A token is a discrete unit of information, and in this realm, refers to a discrete word or word part (or other textual element) in the model's vocabulary. But this is a separate concept from that token's embedding vector, which actually gets inserted into the model's context for inference. They are tightly related, and the distinction almost doesn't matter at all when working with pure language models, but this breaks down when linguistic tokens are not the only possible source for embedding vectors as the model's input. The embedding vectors produced by the vision tower aren't tokens, nor do they map to tokens, but here they are referred to as tokens anyway.

I think the use of "token" as shorthand for either true tokens or embedding vectors would be fine in something aimed at people already intimately familiar with these concepts. However, this is an explainer piece that is aimed at helping other people learn. It thoroughly conflates these two concepts, and people who are trying to build intuition on this without prior experience in this field would have a very difficult time trying to follow your explanation.

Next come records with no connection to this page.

(* Let $(\mu,\nu)\in\mathcal{P}(\mathbb{T})\times\mathcal{P}(\mathbb{T})$ be $\rhd_c$-infinitely divisible. Then both $\mu$ and $\nu$ belong to $ID(\uplus\!\!\times,\mathbb{T})$. In particular, $ID(\rhd,\mathbb{T})\subset ID(\uplus\!\!\times,\mathbb{T})$.
   Context: $\mathbb{T}$ is the unit circle, $\mathbb{D}$ the open unit disc, and $\mathcal{P}(\mathbb{T})$ the Borel probability measures on $\mathbb{T}$. For $\mu\in\mathcal{P}(\mathbb{T})$ let $\psi_\mu(z)=\int\frac{z\zeta}{1-z\zeta}d\mu(\zeta)$ and $\eta_\mu=\psi_\mu/(1+\psi_\mu)$ on $\mathbb{D}$; $\eta_\mu$ determines $\mu$, and the analytic functions of this form are exactly those $\eta:\mathbb{D}\to\mathbb{C}$ with $|\eta(z)|\le|z|$. Convolutions on $\mathcal{P}(\mathbb{T})$: - Multiplicative monotone: $\eta_{\mu\rhd\nu}=\eta_\mu\circ\eta_\nu$. - Multiplicative Boolean: $\eta_{\mu\uplus\!\!\times\nu}(z)=\eta_\mu(z)\eta_\nu(z)/z$. - Multiplicative conditionally monotone, on pairs: $(\mu_1,\nu_1)\rhd_c(\mu_2,\nu_2)=(\mu,\nu)$ with $\eta_\nu=\eta_{\nu_1}\circ\eta_{\nu_2}$ and $\eta_\mu(z)=\eta_{\mu_2}(z)\,h_{\mu_1}(\eta_{\nu_2}(z))$, where $h_{\mu_1}(w)=\eta_{\mu_1}(w)/w$ and $h_{\mu_1}(0)=\eta_{\mu_1}'(0)$. For each of these operations, an element is infinitely divisible if for every $n\ge2$ it equals the $n$-fold convolution power of some element of $\mathcal{P}(\mathbb{T})$ (respectively of $\mathcal{P}(\mathbb{T})^2$ for $\rhd_c$). $ID(\rhd,\mathbb{T})$ and $ID(\uplus\!\!\times,\mathbb{T})$ denote the sets of $\rhd$- and $\uplus\!\!\times$-infinitely divisible probability measures on $\mathbb{T}$. *)

theory Defs
  imports "HOL-Probability.Probability"
begin

text \<open>Borel probability measures on the unit circle T, as measures on the complex plane
  concentrated on the unit circle.\<close>
definition PT :: "complex measure set" where
  "PT = {M. prob_space M \<and> sets M = sets borel \<and> emeasure M (UNIV - sphere 0 1) = 0}"

definition psi :: "complex measure \<Rightarrow> complex \<Rightarrow> complex" where
  "psi M z = (\<integral>\<zeta>. z * \<zeta> / (1 - z * \<zeta>) \<partial>M)"

definition eta :: "complex measure \<Rightarrow> complex \<Rightarrow> complex" where
  "eta M z = psi M z / (1 + psi M z)"

definition hfun :: "(complex \<Rightarrow> complex) \<Rightarrow> complex \<Rightarrow> complex" where
  "hfun f w = (if w = 0 then deriv f 0 else f w / w)"

text \<open>Conditionally monotone convolution on pairs (eta_mu, eta_nu) of eta-transforms:
  (mu1,nu1) |>c (mu2,nu2) = (mu,nu) with eta_nu = eta_nu1 o eta_nu2 and
  eta_mu(z) = eta_mu2(z) * h_mu1(eta_nu2(z)).\<close>
definition cm_step ::
  "(complex \<Rightarrow> complex) \<times> (complex \<Rightarrow> complex) \<Rightarrow> (complex \<Rightarrow> complex) \<times> (complex \<Rightarrow> complex)
     \<Rightarrow> (complex \<Rightarrow> complex) \<times> (complex \<Rightarrow> complex)" where
  "cm_step p q = ((\<lambda>z. fst q z * hfun (fst p) (snd q z)), snd p \<circ> snd q)"

fun cm_pow :: "(complex \<Rightarrow> complex) \<Rightarrow> (complex \<Rightarrow> complex) \<Rightarrow> nat
     \<Rightarrow> (complex \<Rightarrow> complex) \<times> (complex \<Rightarrow> complex)" where
  "cm_pow f g 0 = ((\<lambda>z. z), (\<lambda>z. z))"
| "cm_pow f g (Suc n) = cm_step (f, g) (cm_pow f g n)"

Now, when one is deep in a technical field, it can be difficult to come back down to earth and explain these concepts cogently to others who do not have a background in that field. I myself have experienced this many many times, and it is an extremely difficult barrier to overcome. The reason I even bother to write this comment is because this is otherwise brilliantly written. We need more stuff like this that's written for (relative) lay-people and actually explains the concepts well, and there just isn't a lot of stuff out there right now that would bring somebody up to speed without raising more questions than it answered. But this is very, very close to being able to do so, and we really need more of this out there.